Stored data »
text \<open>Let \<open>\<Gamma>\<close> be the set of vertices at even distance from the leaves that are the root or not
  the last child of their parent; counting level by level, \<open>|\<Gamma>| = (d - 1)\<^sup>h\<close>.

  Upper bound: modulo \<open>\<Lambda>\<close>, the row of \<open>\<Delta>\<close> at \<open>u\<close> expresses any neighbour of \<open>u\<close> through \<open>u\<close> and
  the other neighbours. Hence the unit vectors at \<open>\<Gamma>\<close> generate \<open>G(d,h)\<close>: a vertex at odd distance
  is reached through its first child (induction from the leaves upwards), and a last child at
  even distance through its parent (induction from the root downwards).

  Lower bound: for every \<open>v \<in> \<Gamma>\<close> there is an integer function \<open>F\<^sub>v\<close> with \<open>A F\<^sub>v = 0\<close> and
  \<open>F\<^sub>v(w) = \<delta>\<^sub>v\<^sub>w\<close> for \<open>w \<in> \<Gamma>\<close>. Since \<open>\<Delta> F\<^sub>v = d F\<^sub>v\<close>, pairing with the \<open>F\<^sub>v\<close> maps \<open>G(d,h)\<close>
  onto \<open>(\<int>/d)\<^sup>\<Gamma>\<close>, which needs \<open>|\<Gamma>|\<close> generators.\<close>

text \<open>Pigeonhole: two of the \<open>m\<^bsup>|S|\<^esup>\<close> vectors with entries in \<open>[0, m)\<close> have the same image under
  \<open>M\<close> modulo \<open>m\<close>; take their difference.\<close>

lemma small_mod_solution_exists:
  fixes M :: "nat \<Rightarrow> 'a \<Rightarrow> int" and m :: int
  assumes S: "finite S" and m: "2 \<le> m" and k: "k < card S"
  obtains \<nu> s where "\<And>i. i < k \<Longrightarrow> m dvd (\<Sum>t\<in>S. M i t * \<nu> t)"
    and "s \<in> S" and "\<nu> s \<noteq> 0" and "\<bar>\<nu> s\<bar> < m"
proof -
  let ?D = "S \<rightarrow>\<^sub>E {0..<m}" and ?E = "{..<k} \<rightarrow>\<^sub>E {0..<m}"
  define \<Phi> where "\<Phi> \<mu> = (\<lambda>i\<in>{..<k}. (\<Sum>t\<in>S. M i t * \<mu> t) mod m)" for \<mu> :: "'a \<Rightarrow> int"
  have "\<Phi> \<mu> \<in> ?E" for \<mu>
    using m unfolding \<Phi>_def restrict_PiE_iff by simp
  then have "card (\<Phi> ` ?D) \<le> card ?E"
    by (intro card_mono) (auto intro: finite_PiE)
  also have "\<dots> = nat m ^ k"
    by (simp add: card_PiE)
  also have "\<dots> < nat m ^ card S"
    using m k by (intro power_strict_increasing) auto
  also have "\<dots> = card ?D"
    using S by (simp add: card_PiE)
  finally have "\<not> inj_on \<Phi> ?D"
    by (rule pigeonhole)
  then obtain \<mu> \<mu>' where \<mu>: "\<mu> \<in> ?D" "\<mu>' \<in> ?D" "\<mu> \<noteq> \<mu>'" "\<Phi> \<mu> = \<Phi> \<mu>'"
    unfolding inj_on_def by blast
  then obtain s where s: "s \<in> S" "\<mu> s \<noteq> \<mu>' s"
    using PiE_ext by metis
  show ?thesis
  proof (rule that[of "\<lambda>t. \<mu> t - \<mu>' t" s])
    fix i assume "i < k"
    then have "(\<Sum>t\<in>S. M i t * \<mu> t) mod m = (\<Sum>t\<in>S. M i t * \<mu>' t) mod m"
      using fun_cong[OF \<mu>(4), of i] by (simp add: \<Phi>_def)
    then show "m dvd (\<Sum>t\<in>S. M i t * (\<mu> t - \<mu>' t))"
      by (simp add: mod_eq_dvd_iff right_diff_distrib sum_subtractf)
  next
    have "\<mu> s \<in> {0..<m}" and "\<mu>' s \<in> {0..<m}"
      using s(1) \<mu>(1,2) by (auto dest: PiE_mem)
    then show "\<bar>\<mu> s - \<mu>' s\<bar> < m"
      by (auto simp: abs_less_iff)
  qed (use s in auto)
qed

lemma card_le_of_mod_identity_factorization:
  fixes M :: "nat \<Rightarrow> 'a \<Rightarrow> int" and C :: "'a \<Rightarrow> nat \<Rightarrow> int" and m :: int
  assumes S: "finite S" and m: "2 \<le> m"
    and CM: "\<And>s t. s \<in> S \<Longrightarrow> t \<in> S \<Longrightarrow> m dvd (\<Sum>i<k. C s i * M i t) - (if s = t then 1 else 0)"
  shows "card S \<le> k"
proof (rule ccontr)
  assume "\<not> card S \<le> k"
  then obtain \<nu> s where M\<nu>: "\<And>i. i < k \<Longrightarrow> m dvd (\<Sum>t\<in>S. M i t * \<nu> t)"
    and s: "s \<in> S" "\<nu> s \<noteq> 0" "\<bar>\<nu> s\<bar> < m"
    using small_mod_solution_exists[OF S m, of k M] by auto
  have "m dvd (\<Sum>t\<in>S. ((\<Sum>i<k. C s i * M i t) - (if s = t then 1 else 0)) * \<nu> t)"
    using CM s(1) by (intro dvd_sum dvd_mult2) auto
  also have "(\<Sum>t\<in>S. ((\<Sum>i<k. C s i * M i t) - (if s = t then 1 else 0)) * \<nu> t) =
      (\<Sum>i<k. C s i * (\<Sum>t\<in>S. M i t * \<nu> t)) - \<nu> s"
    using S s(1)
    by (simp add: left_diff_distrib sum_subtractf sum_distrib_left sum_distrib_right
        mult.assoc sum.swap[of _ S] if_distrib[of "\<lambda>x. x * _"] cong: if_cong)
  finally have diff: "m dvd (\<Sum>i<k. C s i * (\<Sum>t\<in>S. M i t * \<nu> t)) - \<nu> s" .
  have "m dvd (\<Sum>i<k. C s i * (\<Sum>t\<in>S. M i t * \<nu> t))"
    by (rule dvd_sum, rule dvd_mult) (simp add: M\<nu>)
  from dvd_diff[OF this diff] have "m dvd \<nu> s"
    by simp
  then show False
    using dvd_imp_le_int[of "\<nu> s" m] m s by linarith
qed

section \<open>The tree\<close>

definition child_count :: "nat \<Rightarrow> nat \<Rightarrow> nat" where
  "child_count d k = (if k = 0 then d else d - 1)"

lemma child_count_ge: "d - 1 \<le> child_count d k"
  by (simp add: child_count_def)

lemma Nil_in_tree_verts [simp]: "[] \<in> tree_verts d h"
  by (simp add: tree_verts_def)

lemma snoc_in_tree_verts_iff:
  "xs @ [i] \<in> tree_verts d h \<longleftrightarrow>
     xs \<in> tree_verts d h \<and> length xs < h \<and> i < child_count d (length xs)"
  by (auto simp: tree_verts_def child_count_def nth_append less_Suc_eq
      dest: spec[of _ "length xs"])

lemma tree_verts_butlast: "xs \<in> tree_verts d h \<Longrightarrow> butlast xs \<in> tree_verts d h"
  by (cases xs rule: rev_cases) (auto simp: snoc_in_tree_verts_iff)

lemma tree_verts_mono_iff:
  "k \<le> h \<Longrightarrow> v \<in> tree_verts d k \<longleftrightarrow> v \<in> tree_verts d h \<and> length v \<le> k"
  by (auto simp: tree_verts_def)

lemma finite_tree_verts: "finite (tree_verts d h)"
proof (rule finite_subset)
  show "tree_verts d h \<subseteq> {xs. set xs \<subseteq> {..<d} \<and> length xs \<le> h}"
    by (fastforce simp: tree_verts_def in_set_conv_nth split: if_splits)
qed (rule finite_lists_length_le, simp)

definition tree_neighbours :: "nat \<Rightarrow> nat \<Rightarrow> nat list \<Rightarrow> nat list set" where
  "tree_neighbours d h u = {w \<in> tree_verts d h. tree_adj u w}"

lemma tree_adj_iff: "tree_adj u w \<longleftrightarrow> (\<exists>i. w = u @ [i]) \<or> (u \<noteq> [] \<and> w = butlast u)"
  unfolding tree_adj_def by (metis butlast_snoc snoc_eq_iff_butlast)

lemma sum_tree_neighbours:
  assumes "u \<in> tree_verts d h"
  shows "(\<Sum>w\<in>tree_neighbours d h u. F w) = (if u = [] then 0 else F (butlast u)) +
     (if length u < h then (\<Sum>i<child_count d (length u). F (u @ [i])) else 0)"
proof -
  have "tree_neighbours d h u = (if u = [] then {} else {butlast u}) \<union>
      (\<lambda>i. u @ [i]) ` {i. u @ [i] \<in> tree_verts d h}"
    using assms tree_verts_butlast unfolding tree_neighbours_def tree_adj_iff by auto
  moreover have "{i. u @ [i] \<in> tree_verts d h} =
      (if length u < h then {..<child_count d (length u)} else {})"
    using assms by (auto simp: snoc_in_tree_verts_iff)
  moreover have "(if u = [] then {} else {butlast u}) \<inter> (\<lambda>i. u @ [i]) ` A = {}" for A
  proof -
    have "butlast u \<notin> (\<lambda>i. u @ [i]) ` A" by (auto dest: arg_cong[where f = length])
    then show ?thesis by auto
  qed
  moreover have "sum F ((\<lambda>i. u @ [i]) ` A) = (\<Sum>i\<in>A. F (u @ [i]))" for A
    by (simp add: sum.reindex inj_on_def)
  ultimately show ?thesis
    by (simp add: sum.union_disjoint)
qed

Task prompt » The required output is every line above from the one with "s by linarith" down to the one with "by (simp add: tree_verts_def)", restated word for word, ends included.

Task response »
    using dvd_imp_le_int[of "\<nu> s" m] m s by linarith
qed

section \<open>The tree\<close>

definition child_count :: "nat \<Rightarrow> nat \<Rightarrow> nat" where
  "child_count d k = (if k = 0 then d else d - 1)"

lemma child_count_ge: "d - 1 \<le> child_count d k"
  by (simp add: child_count_def)

lemma Nil_in_tree_verts [simp]: "[] \<in> tree_verts d h"
  by (simp add: tree_verts_def)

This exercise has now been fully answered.